> Instructions for the task
Up to and including the line that contains "y. norm (g x", repeat each line of the data exactly, starting from the first.

::: Dataset extract

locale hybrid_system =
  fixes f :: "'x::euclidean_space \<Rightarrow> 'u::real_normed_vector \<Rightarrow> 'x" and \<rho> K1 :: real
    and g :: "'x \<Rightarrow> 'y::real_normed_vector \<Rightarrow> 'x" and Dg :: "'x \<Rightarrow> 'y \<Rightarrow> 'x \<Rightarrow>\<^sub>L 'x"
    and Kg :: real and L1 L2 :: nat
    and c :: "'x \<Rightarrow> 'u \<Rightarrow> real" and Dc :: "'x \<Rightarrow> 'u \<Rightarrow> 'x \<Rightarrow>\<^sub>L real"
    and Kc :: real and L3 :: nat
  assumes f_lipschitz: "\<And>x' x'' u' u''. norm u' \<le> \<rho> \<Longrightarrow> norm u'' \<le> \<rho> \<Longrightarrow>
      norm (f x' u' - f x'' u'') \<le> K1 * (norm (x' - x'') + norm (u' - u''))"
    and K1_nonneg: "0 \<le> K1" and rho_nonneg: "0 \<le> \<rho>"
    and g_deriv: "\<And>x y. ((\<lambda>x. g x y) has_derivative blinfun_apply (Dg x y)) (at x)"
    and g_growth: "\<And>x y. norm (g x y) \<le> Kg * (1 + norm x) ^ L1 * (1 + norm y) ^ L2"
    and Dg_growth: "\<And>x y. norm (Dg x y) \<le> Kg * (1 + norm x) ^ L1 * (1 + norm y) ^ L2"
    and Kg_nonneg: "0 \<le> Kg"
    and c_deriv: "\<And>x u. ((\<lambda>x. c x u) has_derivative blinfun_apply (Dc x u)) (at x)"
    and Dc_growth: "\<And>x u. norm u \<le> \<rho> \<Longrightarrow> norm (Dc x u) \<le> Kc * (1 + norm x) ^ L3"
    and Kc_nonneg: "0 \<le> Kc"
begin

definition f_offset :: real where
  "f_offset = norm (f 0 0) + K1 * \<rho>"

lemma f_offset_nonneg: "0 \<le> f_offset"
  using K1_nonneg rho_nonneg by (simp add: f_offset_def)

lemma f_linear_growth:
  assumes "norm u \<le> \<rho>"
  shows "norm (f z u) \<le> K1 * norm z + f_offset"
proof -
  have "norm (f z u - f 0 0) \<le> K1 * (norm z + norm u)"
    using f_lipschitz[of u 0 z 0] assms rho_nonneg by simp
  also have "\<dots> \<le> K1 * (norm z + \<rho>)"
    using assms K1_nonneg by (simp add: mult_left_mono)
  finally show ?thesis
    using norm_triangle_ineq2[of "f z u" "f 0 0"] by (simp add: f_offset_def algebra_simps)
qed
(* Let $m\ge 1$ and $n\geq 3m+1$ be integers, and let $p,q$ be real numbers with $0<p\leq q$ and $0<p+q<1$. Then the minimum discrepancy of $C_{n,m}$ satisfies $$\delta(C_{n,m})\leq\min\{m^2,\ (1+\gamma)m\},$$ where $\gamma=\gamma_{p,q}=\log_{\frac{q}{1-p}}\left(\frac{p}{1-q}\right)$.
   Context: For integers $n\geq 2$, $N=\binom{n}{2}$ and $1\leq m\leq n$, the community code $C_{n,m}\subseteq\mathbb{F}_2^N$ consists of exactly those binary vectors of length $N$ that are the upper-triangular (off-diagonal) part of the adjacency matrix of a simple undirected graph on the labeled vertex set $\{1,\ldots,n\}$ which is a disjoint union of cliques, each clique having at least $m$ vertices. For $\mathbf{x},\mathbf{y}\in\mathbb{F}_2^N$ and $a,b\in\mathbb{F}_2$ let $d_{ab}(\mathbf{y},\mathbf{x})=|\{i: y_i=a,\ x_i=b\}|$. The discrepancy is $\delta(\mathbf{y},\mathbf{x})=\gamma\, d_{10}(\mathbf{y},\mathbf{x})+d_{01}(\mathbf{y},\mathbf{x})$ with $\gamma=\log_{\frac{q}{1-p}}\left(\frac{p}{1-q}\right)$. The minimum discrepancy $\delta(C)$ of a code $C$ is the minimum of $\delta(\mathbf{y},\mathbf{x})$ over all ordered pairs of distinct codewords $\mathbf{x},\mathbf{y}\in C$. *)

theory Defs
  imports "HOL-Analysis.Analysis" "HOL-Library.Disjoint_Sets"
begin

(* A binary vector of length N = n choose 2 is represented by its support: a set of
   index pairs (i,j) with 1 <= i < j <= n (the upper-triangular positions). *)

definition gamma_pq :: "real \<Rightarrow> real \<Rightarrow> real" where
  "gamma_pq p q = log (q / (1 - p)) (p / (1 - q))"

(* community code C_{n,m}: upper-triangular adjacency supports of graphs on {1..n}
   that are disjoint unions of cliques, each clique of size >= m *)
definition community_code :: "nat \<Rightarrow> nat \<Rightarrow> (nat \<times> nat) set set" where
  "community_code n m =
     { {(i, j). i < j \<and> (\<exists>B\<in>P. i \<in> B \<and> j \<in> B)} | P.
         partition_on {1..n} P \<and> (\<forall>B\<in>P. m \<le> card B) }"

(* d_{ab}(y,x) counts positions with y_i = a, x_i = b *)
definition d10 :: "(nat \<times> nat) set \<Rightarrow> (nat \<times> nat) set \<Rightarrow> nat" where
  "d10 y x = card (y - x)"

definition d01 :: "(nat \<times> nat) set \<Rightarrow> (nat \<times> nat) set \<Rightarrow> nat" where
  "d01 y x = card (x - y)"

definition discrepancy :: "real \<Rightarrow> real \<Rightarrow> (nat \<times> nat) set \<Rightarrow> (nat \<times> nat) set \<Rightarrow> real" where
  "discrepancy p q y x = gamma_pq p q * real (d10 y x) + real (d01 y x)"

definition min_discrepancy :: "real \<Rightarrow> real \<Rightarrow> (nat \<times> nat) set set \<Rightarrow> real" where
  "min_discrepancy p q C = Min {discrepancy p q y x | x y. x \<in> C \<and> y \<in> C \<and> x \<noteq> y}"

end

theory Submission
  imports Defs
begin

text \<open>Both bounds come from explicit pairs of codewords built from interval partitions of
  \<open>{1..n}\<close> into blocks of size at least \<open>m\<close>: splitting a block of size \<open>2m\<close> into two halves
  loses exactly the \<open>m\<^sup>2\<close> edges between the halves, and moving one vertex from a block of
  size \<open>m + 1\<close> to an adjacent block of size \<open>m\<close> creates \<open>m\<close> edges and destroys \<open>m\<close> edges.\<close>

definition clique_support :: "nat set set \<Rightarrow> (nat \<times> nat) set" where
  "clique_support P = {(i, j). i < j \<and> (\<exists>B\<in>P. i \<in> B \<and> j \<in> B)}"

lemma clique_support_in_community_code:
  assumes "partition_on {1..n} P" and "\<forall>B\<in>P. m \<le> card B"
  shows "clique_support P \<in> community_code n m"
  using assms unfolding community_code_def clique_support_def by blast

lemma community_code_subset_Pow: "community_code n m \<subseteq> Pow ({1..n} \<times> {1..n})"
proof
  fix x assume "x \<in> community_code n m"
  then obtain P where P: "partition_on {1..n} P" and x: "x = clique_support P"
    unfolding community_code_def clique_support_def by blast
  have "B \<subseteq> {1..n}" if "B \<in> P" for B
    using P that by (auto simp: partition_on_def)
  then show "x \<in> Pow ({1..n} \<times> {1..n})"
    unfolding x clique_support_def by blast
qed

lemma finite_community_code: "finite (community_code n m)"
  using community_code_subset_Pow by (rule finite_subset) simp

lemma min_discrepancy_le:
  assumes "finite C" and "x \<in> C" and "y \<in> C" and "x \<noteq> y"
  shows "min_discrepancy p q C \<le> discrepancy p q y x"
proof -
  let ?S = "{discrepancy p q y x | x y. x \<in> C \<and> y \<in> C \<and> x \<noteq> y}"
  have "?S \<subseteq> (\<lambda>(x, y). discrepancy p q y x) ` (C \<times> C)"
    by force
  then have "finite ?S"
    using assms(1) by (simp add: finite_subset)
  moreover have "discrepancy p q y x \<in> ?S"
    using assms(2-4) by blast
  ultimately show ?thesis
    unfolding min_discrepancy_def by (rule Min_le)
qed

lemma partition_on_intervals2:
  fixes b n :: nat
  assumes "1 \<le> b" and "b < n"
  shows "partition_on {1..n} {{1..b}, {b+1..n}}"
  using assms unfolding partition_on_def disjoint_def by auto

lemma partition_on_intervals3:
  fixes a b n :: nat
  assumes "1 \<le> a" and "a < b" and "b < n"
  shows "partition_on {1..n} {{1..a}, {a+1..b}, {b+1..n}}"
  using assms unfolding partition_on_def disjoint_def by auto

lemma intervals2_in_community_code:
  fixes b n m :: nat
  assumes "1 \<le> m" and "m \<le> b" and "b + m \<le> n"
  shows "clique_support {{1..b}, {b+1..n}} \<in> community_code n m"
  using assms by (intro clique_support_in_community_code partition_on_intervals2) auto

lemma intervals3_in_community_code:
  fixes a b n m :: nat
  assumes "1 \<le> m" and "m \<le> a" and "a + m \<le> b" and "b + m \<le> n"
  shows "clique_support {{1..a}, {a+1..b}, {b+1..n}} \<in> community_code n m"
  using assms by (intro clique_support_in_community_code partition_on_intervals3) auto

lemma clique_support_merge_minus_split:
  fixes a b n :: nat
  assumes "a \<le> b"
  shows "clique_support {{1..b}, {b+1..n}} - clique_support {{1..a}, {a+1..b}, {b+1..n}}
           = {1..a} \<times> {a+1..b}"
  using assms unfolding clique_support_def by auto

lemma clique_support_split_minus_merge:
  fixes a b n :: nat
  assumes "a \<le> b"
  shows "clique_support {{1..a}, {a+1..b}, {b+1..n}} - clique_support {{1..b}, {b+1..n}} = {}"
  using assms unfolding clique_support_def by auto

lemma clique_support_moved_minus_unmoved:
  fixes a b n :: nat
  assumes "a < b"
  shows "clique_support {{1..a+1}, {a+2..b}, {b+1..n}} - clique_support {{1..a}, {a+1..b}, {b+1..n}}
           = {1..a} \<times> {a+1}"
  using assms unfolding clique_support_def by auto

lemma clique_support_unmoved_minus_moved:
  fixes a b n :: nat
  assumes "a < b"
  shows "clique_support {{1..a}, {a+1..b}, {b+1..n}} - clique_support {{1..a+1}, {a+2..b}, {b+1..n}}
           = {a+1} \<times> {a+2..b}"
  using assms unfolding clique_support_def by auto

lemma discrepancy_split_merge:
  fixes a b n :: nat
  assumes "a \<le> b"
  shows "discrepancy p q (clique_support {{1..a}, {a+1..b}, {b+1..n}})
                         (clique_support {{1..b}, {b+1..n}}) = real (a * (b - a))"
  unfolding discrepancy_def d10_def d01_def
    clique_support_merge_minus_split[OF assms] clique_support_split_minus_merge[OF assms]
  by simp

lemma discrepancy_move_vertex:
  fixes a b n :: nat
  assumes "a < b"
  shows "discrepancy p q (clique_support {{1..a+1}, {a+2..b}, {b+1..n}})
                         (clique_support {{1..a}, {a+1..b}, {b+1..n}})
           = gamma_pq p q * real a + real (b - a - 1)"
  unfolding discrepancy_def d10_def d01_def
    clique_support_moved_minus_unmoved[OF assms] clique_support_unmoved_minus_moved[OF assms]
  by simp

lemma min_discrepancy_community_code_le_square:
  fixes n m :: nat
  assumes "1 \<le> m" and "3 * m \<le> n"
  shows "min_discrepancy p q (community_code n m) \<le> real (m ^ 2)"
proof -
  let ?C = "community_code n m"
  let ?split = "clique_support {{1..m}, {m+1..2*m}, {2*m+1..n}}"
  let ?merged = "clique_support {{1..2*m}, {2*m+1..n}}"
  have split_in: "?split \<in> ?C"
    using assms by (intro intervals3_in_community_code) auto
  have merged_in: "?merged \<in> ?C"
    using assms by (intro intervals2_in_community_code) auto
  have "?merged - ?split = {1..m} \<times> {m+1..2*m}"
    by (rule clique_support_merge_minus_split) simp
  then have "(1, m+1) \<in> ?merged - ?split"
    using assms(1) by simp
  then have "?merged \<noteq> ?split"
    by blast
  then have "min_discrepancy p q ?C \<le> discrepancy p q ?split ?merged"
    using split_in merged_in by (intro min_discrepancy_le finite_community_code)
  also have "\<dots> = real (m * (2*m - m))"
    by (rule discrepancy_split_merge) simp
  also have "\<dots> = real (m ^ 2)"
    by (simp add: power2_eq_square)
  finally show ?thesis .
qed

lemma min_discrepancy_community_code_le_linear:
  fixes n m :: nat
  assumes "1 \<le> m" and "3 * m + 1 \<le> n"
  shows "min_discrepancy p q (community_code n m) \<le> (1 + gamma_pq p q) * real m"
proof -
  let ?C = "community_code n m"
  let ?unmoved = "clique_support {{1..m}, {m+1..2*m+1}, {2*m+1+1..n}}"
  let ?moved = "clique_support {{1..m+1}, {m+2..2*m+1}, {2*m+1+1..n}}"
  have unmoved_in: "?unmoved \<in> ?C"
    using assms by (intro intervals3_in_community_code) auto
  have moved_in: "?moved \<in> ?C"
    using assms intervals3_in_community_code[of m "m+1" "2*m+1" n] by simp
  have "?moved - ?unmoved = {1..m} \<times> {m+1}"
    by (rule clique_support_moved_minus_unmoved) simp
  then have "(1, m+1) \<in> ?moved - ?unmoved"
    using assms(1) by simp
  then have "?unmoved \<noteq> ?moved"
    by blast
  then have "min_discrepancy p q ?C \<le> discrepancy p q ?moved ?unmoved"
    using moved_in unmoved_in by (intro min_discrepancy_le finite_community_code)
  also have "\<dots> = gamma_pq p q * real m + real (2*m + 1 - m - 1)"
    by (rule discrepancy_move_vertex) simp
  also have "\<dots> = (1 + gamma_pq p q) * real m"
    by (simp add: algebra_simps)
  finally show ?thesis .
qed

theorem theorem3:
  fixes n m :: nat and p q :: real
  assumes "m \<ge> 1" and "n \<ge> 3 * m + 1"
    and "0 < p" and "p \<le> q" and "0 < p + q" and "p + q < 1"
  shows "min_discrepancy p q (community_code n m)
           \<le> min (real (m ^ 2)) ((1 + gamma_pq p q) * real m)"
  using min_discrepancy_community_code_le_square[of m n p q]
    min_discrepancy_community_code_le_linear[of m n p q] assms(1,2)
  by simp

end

::::::

> Answer section
locale hybrid_system =
  fixes f :: "'x::euclidean_space \<Rightarrow> 'u::real_normed_vector \<Rightarrow> 'x" and \<rho> K1 :: real
    and g :: "'x \<Rightarrow> 'y::real_normed_vector \<Rightarrow> 'x" and Dg :: "'x \<Rightarrow> 'y \<Rightarrow> 'x \<Rightarrow>\<^sub>L 'x"
    and Kg :: real and L1 L2 :: nat
    and c :: "'x \<Rightarrow> 'u \<Rightarrow> real" and Dc :: "'x \<Rightarrow> 'u \<Rightarrow> 'x \<Rightarrow>\<^sub>L real"
    and Kc :: real and L3 :: nat
  assumes f_lipschitz: "\<And>x' x'' u' u''. norm u' \<le> \<rho> \<Longrightarrow> norm u'' \<le> \<rho> \<Longrightarrow>
      norm (f x' u' - f x'' u'') \<le> K1 * (norm (x' - x'') + norm (u' - u''))"
    and K1_nonneg: "0 \<le> K1" and rho_nonneg: "0 \<le> \<rho>"
    and g_deriv: "\<And>x y. ((\<lambda>x. g x y) has_derivative blinfun_apply (Dg x y)) (at x)"
    and g_growth: "\<And>x y. norm (g x y) \<le> Kg * (1 + norm x) ^ L1 * (1 + norm y) ^ L2"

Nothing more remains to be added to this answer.